Determine how many lines in the listing below contain "elim", then give only that number.
#####
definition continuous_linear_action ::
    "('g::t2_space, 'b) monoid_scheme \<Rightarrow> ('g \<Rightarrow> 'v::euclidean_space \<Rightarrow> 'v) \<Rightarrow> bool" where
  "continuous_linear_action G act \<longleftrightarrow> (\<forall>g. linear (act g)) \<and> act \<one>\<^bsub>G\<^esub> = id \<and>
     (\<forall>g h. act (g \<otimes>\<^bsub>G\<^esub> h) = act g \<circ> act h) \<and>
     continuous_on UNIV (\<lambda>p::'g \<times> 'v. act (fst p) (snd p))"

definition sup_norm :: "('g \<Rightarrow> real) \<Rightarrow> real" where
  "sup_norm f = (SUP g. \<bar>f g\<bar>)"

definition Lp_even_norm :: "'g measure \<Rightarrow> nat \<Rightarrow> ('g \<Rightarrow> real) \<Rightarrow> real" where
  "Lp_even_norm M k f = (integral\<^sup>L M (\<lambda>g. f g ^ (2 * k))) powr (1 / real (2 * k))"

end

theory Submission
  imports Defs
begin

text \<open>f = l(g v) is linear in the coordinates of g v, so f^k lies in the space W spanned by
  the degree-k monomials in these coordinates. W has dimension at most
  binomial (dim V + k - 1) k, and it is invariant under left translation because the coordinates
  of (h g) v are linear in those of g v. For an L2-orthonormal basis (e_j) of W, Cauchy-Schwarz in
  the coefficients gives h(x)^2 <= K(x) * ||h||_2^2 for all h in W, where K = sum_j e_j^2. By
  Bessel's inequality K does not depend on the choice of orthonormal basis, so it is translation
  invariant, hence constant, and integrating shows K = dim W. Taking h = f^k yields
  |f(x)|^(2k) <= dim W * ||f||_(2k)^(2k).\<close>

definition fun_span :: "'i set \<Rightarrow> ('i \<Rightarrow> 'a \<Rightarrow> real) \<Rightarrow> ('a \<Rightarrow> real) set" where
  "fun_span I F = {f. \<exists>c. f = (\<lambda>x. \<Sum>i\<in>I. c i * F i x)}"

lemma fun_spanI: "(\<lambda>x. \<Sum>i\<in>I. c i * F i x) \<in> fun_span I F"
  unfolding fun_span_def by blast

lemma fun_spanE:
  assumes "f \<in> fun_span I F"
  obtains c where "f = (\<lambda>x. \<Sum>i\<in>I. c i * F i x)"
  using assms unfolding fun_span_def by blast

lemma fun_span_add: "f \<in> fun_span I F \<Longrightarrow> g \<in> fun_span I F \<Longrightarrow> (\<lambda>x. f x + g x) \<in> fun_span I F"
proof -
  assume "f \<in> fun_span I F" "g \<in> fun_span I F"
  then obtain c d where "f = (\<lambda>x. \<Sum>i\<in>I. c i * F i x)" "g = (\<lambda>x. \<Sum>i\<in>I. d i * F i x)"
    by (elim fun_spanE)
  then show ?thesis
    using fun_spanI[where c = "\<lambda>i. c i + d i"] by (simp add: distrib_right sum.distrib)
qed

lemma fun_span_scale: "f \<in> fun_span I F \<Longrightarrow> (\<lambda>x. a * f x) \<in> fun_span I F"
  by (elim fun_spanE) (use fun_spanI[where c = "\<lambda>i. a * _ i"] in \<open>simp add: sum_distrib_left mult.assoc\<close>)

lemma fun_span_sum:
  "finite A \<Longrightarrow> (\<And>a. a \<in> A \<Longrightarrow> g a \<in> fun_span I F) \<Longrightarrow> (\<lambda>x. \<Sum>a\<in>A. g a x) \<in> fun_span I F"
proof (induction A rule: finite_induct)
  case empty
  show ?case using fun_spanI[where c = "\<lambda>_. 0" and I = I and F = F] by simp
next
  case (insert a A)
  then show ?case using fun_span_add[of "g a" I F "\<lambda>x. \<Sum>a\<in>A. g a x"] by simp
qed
#####
FINISHED TASK:
2